What is "D" state (or dstate, d-state)?

Solution Verified - Updated

Environment

  • Red Hat Enterprise Linux 4, 5, 6, 7, 8, 9

Issue

  • What is "D" state (or dstate or d-state)?
  • What is 'D' state of process?

Resolution

  • Linux follows the standard of traditional UNIX and computes its load average as the average number of runnable or running processes (R state), and the number of processes in uninterruptable sleep (D state) over the specified interval.

  • "D" state (TASK_UNINTERRUPTIBLE) is a state which occurs in a kernel code path where the execution can not be interrupted whilst a task is processed. The hope here is that this should be a fleeting state and in normal operation kernel threads frequently pass in and out of the TASK_UNINTERRUPTIBLE state.

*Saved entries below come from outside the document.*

(* For any $n\in\mathbb{N}$ and any pair of convex bodies $K, B\subset\mathbb{R}^n$ that are symmetric with respect to the origin, one has \[ \hat{M}(K,B)\le \hat{M}\big(B^{\circ}, K^{\circ}/2\big)^2 . \]
   Context: For a set $A\subset\mathbb{R}^n$, $A^{\circ}:=\{u\in\mathbb{R}^n:\sup_{x\in A}\langle x,u\rangle\le 1\}$ is its polar body. For a set $K$ and a symmetric convex body $B$, the convex separation (convexified packing) number is \[\hat{M}(K,B):=\sup\{N:\ \exists\, x_1,\dots,x_N\in K \text{ such that } (x_j+\mathrm{int}\,B)\cap \mathrm{conv}\{x_i: i<j\}=\emptyset \text{ for all } j=1,\dots,N\},\] where $\mathrm{int}$ denotes interior and $\mathrm{conv}$ the convex hull; the value $+\infty$ is allowed. For $t>0$, $tB$ and $B/t$ denote dilates. *)

theory Defs
  imports "HOL-Analysis.Analysis" "HOL-Library.Extended_Nat"
begin

definition polar :: "'a::euclidean_space set \<Rightarrow> 'a set" where
  "polar A = {u. \<forall>x\<in>A. x \<bullet> u \<le> 1}"

definition convex_body :: "'a::euclidean_space set \<Rightarrow> bool" where
  "convex_body K \<longleftrightarrow> compact K \<and> convex K \<and> interior K \<noteq> {}"

definition origin_symmetric :: "'a::euclidean_space set \<Rightarrow> bool" where
  "origin_symmetric K \<longleftrightarrow> (\<forall>x\<in>K. - x \<in> K)"

definition conv_sep_number :: "'a::euclidean_space set \<Rightarrow> 'a set \<Rightarrow> enat" where
  "conv_sep_number K B = Sup {enat N | N. \<exists>x :: nat \<Rightarrow> 'a.
      (\<forall>j<N. x j \<in> K) \<and>
      (\<forall>j<N. ((\<lambda>b. x j + b) ` interior B) \<inter> convex hull (x ` {..<j}) = {})}"

end

theory Submission
  imports Defs
begin

(* Separating x_j from the convex hull of the earlier points yields u_j in the polar of B with
   u_j . x_j >= u_j . x_i + 1 for all i < j.  If the diagonal values u_a . x_a and u_b . x_b of
   two indices a < b differ by less than 1/2, then x_a . u_b <= x_a . u_a - 1/2; so the u_j of
   such a cluster, taken in decreasing order of j, are convexly separated with respect to half
   the polar of K, with the x_j as separating functionals, and a cluster has at most
   m = conv_sep_number (polar B) (polar K / 2) elements.  Equally spaced points on the segment
   from -u to u show in the same way that |x . u| < m/4 for x in K and u in the polar of B, so
   the diagonal values fall into m windows of length 1/2, which leaves at most m * m points. *)

definition conv_separated :: "'a::euclidean_space set \<Rightarrow> 'a set \<Rightarrow> (nat \<Rightarrow> 'a) \<Rightarrow> nat \<Rightarrow> bool" where
  "conv_separated K B x N \<longleftrightarrow>
     (\<forall>j<N. x j \<in> K) \<and> (\<forall>j<N. (\<lambda>b. x j + b) ` interior B \<inter> convex hull (x ` {..<j}) = {})"

lemma conv_sep_number_ge:
  assumes "conv_separated K B x N"
  shows "enat N \<le> conv_sep_number K B"
  using assms unfolding conv_sep_number_def conv_separated_def by (blast intro: Sup_upper)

    • "D" state processes are blocked, awaiting an event or resource, often Disk I/O or common resources.
    • An example of this might be a low level driver talking to hardware, perhaps retrieving network packet data from NIC firmware or accessing a block of data on a hard disk drive -- read and write IO.
    • Normally this happens extremely quickly and threads remain in this state for very short periods of time (thus not normally observed, especially in user space).
    • "D" state is a bit of a historical left over, as originally the process was thought of as being in "Disk Wait" . But now, network, locks and other resources separate from "disk io" can result in a process being in UNINTERRIPTIBLE wait state. See "Understanding Linux Process States" for additional background on process states. Specifically this sentence pretty much sums up "D" state processes: "An Uninterruptible sleep state is one that won't handle a signal right away. It will wake only as a result of awaited-upon resource becoming available or after a time-out occurs during that wait (if the time-out is specified when the process is put to sleep). "
  • The problem arises when a thread enters "D" state and fails to exit this state in a reasonable amount of time. That process is now "stuck" and any process waiting for it (possibly behind it in a queue to access the same hardware), or relying on it is similarly stuck.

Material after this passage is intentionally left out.